**Stored data entries:**
....
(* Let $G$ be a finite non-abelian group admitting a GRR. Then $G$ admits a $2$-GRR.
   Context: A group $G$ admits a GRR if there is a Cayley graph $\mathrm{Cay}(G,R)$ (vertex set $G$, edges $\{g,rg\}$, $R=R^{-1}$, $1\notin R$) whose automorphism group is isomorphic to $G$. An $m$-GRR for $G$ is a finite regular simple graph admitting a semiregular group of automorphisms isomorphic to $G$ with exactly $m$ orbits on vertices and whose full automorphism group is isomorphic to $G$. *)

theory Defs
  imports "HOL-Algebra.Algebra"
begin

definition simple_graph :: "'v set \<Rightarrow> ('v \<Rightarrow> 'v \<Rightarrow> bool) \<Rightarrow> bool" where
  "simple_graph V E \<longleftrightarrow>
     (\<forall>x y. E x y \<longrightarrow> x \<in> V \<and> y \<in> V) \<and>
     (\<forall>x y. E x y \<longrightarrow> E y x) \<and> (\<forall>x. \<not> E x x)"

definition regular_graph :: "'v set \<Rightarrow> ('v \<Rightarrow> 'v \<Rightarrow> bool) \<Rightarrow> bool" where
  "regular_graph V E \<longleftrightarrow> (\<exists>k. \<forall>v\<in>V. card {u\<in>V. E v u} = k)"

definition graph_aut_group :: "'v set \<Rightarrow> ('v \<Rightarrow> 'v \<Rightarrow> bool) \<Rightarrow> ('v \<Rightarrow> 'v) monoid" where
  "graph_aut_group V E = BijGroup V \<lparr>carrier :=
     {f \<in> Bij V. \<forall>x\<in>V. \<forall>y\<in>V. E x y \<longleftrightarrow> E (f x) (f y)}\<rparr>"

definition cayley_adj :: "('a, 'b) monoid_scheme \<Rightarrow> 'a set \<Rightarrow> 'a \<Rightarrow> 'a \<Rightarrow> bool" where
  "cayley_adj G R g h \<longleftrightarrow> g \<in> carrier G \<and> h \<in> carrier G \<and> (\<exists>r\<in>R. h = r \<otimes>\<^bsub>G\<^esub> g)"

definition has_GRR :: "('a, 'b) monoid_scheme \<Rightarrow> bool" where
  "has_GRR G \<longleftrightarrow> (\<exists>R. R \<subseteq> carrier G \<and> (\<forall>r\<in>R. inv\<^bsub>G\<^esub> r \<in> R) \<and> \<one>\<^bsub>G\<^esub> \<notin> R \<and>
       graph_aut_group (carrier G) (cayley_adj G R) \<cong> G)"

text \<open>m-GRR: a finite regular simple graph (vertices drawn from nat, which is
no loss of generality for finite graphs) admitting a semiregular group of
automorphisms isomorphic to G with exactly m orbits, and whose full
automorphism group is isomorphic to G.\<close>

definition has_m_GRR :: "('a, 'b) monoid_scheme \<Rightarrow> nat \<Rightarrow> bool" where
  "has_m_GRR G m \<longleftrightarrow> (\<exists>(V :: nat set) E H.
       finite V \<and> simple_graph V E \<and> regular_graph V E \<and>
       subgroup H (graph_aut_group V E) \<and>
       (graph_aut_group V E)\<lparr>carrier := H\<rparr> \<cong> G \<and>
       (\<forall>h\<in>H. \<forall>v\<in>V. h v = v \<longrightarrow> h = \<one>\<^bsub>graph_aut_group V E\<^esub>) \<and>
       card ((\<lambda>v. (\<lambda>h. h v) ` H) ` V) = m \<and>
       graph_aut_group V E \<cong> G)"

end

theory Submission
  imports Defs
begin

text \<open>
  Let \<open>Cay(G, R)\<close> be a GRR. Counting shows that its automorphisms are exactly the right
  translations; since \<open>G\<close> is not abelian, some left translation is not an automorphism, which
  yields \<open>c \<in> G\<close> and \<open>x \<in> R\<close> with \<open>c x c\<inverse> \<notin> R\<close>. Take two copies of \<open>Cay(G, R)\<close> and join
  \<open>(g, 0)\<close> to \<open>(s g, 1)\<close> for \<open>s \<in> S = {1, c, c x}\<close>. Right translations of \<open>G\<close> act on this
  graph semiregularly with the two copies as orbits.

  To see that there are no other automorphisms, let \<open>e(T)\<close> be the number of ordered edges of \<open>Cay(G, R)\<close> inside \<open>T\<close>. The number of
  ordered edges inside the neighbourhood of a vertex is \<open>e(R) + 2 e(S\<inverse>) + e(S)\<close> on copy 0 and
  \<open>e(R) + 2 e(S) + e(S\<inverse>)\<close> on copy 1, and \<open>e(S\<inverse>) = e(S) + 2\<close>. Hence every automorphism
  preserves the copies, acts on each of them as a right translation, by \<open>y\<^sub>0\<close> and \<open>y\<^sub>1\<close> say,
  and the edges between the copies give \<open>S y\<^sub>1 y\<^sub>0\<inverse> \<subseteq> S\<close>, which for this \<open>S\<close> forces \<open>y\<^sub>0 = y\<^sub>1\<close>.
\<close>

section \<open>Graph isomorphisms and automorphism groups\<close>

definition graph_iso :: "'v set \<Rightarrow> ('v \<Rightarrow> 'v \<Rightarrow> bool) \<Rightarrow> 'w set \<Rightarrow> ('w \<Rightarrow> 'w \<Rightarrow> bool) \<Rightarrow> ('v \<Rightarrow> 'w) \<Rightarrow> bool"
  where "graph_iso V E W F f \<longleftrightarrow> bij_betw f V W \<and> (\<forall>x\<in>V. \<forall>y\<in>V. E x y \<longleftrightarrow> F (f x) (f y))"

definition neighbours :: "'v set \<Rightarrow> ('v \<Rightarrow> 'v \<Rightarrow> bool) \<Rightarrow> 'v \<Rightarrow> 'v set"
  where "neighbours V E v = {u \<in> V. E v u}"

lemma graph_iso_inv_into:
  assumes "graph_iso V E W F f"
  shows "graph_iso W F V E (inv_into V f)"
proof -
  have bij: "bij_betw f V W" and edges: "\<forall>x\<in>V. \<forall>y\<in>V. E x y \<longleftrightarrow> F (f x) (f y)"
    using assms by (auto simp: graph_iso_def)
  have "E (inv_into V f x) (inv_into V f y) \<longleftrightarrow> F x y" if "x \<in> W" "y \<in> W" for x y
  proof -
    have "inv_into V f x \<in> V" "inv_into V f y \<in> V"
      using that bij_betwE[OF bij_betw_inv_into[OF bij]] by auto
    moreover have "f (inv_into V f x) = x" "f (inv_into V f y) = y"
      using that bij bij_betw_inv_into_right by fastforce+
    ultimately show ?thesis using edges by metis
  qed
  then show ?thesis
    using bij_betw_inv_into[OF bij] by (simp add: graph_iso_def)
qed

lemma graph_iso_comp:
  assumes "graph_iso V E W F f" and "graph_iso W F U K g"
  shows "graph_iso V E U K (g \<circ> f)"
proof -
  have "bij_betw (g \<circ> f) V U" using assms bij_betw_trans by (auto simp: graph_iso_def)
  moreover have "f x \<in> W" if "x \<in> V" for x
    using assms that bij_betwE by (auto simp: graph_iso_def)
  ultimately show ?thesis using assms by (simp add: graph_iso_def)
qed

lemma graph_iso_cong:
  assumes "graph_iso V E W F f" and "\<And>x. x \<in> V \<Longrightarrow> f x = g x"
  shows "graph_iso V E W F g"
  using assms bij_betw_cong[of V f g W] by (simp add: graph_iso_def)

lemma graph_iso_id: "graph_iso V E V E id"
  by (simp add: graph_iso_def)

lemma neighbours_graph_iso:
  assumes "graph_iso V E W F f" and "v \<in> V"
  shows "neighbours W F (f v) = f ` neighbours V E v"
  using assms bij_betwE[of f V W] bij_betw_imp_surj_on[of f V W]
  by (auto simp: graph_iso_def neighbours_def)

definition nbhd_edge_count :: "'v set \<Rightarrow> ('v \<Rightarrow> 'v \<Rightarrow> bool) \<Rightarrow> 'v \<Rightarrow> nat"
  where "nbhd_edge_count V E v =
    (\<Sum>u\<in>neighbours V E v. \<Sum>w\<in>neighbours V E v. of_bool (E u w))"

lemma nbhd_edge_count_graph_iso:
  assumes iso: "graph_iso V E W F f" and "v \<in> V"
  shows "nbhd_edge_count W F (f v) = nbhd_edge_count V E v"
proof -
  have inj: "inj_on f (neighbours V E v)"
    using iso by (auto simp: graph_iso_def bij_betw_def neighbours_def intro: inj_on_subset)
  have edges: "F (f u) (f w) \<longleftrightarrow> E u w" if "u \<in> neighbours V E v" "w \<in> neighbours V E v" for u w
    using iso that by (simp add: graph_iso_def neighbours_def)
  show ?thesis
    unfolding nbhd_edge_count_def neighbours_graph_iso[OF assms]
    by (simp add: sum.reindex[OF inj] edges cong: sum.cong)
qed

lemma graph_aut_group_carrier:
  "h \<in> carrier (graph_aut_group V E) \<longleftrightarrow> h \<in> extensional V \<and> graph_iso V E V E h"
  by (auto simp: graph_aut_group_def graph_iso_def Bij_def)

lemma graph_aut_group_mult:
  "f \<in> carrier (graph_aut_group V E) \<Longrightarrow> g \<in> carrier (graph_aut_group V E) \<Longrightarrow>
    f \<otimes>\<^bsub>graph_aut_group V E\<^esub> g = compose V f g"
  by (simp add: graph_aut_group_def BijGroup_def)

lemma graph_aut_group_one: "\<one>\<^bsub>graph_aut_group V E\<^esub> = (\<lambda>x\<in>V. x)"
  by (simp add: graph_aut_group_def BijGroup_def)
....
What you return must be an exact retyping of the lines above starting at the line with "yields \<open>c \<in>" and ending at the line with "section \<open>Graph isomorphisms", and nothing besides.

  yields \<open>c \<in> G\<close> and \<open>x \<in> R\<close> with \<open>c x c\<inverse> \<notin> R\<close>. Take two copies of \<open>Cay(G, R)\<close> and join
  \<open>(g, 0)\<close> to \<open>(s g, 1)\<close> for \<open>s \<in> S = {1, c, c x}\<close>. Right translations of \<open>G\<close> act on this
  graph semiregularly with the two copies as orbits.

  To see that there are no other automorphisms, let \<open>e(T)\<close> be the number of ordered edges of \<open>Cay(G, R)\<close> inside \<open>T\<close>. The number of
  ordered edges inside the neighbourhood of a vertex is \<open>e(R) + 2 e(S\<inverse>) + e(S)\<close> on copy 0 and
  \<open>e(R) + 2 e(S) + e(S\<inverse>)\<close> on copy 1, and \<open>e(S\<inverse>) = e(S) + 2\<close>. Hence every automorphism
  preserves the copies, acts on each of them as a right translation, by \<open>y\<^sub>0\<close> and \<open>y\<^sub>1\<close> say,
  and the edges between the copies give \<open>S y\<^sub>1 y\<^sub>0\<inverse> \<subseteq> S\<close>, which for this \<open>S\<close> forces \<open>y\<^sub>0 = y\<^sub>1\<close>.
\<close>

section \<open>Graph isomorphisms and automorphism groups\<close>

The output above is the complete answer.